-- Material for the task follows --

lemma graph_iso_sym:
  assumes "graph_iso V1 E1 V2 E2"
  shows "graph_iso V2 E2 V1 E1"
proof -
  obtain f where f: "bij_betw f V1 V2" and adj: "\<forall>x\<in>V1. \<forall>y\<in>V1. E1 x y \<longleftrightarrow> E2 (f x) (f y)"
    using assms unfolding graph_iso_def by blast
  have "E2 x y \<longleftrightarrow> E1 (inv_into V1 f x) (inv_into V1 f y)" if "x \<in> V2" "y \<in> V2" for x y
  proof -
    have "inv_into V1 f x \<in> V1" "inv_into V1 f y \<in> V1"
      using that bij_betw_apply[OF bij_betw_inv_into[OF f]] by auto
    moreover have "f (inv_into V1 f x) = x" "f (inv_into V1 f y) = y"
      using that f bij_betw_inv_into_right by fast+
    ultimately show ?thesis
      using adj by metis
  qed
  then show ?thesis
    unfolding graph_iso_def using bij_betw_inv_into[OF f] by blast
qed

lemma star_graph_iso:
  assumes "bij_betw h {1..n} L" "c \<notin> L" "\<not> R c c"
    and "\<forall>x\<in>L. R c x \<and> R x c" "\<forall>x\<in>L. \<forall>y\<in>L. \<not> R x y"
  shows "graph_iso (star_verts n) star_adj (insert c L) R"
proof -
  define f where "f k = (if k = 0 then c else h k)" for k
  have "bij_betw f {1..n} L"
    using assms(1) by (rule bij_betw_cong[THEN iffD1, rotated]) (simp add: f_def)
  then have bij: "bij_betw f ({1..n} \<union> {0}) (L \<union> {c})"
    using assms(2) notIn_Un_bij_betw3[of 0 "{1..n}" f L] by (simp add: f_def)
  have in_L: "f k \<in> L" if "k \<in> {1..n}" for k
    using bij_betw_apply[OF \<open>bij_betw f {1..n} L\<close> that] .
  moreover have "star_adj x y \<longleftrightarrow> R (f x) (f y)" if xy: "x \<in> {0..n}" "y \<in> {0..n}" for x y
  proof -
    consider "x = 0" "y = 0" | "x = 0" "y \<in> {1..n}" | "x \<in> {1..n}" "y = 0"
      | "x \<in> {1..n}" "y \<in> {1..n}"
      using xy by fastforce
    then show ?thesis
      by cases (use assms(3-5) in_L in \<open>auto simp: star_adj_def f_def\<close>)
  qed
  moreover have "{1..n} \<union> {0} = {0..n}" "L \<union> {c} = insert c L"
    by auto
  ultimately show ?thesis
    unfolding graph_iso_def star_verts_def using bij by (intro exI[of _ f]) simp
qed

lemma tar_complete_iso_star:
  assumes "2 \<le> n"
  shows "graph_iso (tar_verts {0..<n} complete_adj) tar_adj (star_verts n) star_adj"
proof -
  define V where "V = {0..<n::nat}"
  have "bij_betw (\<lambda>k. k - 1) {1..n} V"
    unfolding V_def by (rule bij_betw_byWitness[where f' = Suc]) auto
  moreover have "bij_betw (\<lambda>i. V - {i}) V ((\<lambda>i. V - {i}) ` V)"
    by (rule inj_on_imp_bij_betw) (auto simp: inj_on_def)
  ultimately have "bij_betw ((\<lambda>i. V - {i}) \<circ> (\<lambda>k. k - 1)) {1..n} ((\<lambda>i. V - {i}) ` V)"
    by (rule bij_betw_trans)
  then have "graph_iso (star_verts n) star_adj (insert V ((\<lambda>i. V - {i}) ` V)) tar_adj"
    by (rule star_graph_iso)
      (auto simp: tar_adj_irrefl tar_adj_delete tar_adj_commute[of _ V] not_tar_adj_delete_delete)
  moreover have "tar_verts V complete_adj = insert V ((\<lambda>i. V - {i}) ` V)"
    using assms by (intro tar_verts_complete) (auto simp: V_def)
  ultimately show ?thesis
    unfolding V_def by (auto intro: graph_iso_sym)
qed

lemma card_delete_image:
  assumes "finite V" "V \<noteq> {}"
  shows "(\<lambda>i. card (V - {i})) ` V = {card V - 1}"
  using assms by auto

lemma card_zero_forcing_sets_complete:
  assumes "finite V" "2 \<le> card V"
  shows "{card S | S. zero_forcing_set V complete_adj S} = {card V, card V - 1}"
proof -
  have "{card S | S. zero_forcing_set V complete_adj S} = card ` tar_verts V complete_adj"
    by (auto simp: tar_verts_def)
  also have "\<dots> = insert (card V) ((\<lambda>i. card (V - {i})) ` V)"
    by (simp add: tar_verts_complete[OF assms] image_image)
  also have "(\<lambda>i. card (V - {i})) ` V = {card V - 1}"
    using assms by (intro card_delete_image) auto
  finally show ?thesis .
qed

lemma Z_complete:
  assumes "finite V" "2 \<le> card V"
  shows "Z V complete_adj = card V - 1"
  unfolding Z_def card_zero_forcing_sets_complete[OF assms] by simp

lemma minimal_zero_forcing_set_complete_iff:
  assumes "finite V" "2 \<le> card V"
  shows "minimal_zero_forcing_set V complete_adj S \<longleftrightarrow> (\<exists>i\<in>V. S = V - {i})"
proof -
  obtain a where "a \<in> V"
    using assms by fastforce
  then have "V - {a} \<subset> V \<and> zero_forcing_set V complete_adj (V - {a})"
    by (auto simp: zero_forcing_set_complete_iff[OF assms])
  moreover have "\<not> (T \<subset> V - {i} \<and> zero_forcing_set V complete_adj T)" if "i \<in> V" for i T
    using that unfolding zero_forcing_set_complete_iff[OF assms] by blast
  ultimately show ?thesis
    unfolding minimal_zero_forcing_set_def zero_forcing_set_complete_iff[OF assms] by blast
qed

-- Material for the task concluded --
-- Material for the task follows --

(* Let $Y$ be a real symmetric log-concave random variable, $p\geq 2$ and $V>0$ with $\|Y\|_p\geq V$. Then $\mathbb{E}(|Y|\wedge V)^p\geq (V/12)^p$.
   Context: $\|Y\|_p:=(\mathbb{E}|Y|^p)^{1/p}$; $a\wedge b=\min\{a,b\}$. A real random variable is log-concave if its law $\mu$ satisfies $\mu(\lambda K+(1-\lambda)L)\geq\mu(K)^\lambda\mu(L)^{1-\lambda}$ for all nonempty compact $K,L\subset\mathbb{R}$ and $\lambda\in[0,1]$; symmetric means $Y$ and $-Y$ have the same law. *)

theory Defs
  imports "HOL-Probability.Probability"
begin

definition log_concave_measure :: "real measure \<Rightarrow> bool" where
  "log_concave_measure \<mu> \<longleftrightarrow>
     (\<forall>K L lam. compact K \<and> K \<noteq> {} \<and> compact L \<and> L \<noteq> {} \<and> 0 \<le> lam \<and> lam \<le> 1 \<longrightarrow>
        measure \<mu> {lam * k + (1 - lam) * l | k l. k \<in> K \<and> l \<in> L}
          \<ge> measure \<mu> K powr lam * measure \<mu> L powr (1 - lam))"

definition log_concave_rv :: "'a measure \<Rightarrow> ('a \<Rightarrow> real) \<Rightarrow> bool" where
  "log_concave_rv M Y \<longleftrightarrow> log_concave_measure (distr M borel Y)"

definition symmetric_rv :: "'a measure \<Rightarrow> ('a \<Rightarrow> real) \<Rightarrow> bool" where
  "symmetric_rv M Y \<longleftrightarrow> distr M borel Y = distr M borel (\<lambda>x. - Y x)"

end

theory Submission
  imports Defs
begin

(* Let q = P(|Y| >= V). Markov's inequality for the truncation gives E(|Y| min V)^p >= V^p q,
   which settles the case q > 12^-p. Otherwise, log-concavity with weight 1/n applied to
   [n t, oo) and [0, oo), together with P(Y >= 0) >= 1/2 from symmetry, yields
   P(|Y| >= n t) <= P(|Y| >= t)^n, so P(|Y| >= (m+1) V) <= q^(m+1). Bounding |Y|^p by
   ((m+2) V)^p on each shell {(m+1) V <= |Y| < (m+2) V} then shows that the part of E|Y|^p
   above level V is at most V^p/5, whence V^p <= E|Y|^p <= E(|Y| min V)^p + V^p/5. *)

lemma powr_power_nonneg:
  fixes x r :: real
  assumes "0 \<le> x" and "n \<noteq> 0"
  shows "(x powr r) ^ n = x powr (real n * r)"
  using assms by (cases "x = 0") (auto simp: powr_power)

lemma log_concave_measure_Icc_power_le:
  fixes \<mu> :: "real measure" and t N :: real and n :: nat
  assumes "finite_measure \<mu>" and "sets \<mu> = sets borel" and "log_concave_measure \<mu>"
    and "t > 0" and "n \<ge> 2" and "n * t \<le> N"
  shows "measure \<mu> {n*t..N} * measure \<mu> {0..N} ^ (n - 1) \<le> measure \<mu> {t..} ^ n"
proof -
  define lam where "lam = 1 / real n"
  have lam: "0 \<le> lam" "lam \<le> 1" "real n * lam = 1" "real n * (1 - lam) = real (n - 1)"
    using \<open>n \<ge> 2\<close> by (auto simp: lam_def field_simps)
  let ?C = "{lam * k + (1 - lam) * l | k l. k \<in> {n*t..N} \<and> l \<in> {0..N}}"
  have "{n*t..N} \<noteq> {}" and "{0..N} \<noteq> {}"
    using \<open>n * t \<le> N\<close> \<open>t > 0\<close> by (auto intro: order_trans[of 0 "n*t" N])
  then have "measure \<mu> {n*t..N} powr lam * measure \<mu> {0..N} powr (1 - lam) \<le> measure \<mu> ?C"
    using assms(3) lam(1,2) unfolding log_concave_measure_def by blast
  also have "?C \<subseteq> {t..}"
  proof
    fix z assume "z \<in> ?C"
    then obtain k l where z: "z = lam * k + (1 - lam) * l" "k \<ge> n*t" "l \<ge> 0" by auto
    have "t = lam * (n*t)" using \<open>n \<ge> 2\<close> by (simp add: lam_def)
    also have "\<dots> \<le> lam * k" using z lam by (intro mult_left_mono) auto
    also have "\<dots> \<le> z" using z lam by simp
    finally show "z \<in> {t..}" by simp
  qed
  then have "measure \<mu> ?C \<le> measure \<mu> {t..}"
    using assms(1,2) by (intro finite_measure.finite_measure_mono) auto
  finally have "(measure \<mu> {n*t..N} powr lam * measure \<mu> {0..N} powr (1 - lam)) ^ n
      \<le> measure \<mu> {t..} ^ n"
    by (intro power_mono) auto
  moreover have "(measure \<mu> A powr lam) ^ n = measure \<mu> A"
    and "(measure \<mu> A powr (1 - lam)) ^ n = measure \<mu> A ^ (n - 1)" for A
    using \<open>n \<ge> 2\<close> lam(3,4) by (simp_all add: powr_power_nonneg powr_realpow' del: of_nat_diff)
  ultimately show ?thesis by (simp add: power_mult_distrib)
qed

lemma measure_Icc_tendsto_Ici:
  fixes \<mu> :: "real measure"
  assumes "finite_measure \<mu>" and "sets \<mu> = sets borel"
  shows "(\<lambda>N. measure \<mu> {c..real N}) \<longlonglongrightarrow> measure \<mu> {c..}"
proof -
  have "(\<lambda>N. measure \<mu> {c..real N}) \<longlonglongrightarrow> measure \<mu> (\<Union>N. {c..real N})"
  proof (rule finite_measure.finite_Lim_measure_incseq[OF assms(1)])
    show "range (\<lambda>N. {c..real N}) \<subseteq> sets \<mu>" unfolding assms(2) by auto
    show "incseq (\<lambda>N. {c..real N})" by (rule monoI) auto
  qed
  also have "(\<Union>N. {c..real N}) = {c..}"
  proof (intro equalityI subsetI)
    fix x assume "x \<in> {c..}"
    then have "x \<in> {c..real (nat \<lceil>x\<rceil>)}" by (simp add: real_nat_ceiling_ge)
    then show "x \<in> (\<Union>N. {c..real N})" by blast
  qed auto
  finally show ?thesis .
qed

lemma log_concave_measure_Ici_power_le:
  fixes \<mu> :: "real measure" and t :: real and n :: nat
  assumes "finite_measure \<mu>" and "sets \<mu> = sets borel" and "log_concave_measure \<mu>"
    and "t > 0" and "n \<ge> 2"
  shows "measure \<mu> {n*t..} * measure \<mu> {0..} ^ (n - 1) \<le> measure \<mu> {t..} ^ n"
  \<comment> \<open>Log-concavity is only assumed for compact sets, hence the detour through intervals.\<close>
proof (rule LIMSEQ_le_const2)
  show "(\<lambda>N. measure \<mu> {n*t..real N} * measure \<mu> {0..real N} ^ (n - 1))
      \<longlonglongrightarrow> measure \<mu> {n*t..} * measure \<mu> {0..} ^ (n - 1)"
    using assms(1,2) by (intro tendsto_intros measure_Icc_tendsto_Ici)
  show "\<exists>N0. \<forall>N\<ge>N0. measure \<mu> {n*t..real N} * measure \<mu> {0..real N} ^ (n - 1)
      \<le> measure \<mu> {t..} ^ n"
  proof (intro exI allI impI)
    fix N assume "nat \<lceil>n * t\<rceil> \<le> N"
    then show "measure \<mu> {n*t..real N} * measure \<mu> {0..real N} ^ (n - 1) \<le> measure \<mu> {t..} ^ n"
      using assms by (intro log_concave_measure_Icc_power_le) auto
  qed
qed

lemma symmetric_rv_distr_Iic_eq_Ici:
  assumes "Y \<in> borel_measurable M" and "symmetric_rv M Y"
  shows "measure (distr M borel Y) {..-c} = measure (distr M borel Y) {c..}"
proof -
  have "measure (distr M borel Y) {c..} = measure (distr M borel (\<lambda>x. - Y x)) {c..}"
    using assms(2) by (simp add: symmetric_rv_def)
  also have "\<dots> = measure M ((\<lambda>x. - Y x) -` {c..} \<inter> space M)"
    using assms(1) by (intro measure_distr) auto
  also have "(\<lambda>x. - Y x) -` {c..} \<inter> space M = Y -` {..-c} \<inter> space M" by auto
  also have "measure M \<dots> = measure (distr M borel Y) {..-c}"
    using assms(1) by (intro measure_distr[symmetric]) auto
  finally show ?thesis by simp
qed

-- Material for the task concluded --

Copy back the listing above exactly, but only from the line with "using assms(1,2) by (intro tendsto_intros" through the line with "space M = Y", both ends included.

    using assms(1,2) by (intro tendsto_intros measure_Icc_tendsto_Ici)
  show "\<exists>N0. \<forall>N\<ge>N0. measure \<mu> {n*t..real N} * measure \<mu> {0..real N} ^ (n - 1)
      \<le> measure \<mu> {t..} ^ n"
  proof (intro exI allI impI)
    fix N assume "nat \<lceil>n * t\<rceil> \<le> N"
    then show "measure \<mu> {n*t..real N} * measure \<mu> {0..real N} ^ (n - 1) \<le> measure \<mu> {t..} ^ n"
      using assms by (intro log_concave_measure_Icc_power_le) auto
  qed
qed

lemma symmetric_rv_distr_Iic_eq_Ici:
  assumes "Y \<in> borel_measurable M" and "symmetric_rv M Y"
  shows "measure (distr M borel Y) {..-c} = measure (distr M borel Y) {c..}"
proof -
  have "measure (distr M borel Y) {c..} = measure (distr M borel (\<lambda>x. - Y x)) {c..}"
    using assms(2) by (simp add: symmetric_rv_def)
  also have "\<dots> = measure M ((\<lambda>x. - Y x) -` {c..} \<inter> space M)"
    using assms(1) by (intro measure_distr) auto
  also have "(\<lambda>x. - Y x) -` {c..} \<inter> space M = Y -` {..-c} \<inter> space M" by auto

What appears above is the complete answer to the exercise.